Mom was quiet at my side.
“What does it mean?” I asked.
Geneva rubbed her palms against her cutoffs and shrugged. “It means I should have checked under the floor sooner. But it also means we know more now than we did before. And in my book, that makes it a good day.”
WILLIAM
The basement was a big space filled with women and children, all of them frightened and weary, but safe as they could be given the circumstances. A few electric bulbs were strung up overhead, and there were lit oil lamps scattered about. Claire drew two cups of coffee from a fancy silver urn set up on a wooden bench and handed them to Joseph and me. And that was the best thing I ever have tasted in my life, bar none—loaded thick with sugar, and so hot it scalded my tongue.

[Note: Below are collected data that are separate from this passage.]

lemma ex_max_cone_superset:
  fixes \<Sigma> :: "'r::finite set set"
  assumes "S \<in> \<Sigma>"
  shows "\<exists>S'. max_cone \<Sigma> S' \<and> S \<subseteq> S'"
proof -
  obtain S' where "S' \<in> \<Sigma>" "S \<subseteq> S'" and maximal: "\<forall>T\<in>\<Sigma>. S' \<subseteq> T \<longrightarrow> S' = T"
    using finite_has_maximal2[OF finite assms] by blast
  then have "max_cone \<Sigma> S'"
    unfolding max_cone_def by (auto simp: psubset_eq)
  then show ?thesis
    using \<open>S \<subseteq> S'\<close> by blast
qed

lemma ex_primitive_collection_subset:
  fixes \<Sigma> :: "'r::finite set set"
  assumes "\<forall>S\<in>\<Sigma>. \<not> D \<subseteq> S"
  shows "\<exists>C\<subseteq>D. primitive_collection \<Sigma> C"
proof -
  let ?A = "{C. \<forall>S\<in>\<Sigma>. \<not> C \<subseteq> S}"
  obtain C where "C \<in> ?A" "C \<subseteq> D" and minimal: "\<forall>C'\<in>?A. C' \<subseteq> C \<longrightarrow> C = C'"
    using finite_has_minimal2[OF finite, of D ?A] assms by blast
  have "\<exists>S\<in>\<Sigma>. C' \<subseteq> S" if "C' \<subset> C" for C'
  proof (rule ccontr)
    assume "\<not> (\<exists>S\<in>\<Sigma>. C' \<subseteq> S)"
    then have "C' \<in> ?A"
      by simp
    with minimal that show False
      by blast
  qed
  with \<open>C \<in> ?A\<close> have "primitive_collection \<Sigma> C"
    unfolding primitive_collection_def by blast
  then show ?thesis
    using \<open>C \<subseteq> D\<close> by blast
qed

lemma ex_primitive_collection_mem:
  fixes u :: "'r::finite \<Rightarrow> real^'n"
  assumes "complete_fan u \<Sigma>"
  shows "\<exists>C. primitive_collection \<Sigma> C \<and> \<rho> \<in> C"
proof -
  have pointed: "\<forall>S\<in>\<Sigma>. tcone u S \<inter> uminus ` tcone u S = {0}" and "u \<rho> \<noteq> 0"
    using assms unfolding complete_fan_def primitive_lattice_vector_def by auto
  obtain S where S: "S \<in> \<Sigma>" "- u \<rho> \<in> tcone u S"
    using assms unfolding complete_fan_def by blast
  have "\<not> insert \<rho> S \<subseteq> T" if "T \<in> \<Sigma>" for T
  proof
    assume "insert \<rho> S \<subseteq> T"
    then have "u \<rho> \<in> tcone u T"
      unfolding tcone_def by (intro hull_inc) auto
    moreover have "- u \<rho> \<in> tcone u T"
      using S(2) tcone_mono[of S T u] \<open>insert \<rho> S \<subseteq> T\<close> by blast
    ultimately have "u \<rho> \<in> tcone u T \<inter> uminus ` tcone u T"
      by (metis IntI image_eqI minus_minus)
    then show False
      using pointed that \<open>u \<rho> \<noteq> 0\<close> by auto
  qed
  then obtain C where "C \<subseteq> insert \<rho> S" "primitive_collection \<Sigma> C"
    using ex_primitive_collection_subset by blast
  moreover have "\<not> C \<subseteq> S"
    using \<open>primitive_collection \<Sigma> C\<close> S(1) unfolding primitive_collection_def by blast
  ultimately show ?thesis
    by blast
qed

Then Claire put her arm around Ruby’s shoulders, saying, “Won’t you introduce me to your friend?” To which Ruby replied that Joseph was her brother, not her friend. And Claire shook his hand and smiled and told Ruby, “I bet these boys would like to sit down. Would you show them to a cot while I fetch Joseph a shirt that’s not cut to ribbons?” Her voice was soft and firm all at once, so that Ruby didn’t balk. She only said, “Yes’m, Miss Claire,” and led us over to an empty cot like the sweetest, most obedient child you ever did meet.
And she sat next to us, chirping on about how she’d set off to find Joseph after I warned her away from the shop. “You sounded for-real scared, Will,” she said. “Enough so I knew you weren’t just trying to get rid of me.” Then she scolded Joseph for not being in any of the places she’d gone looking.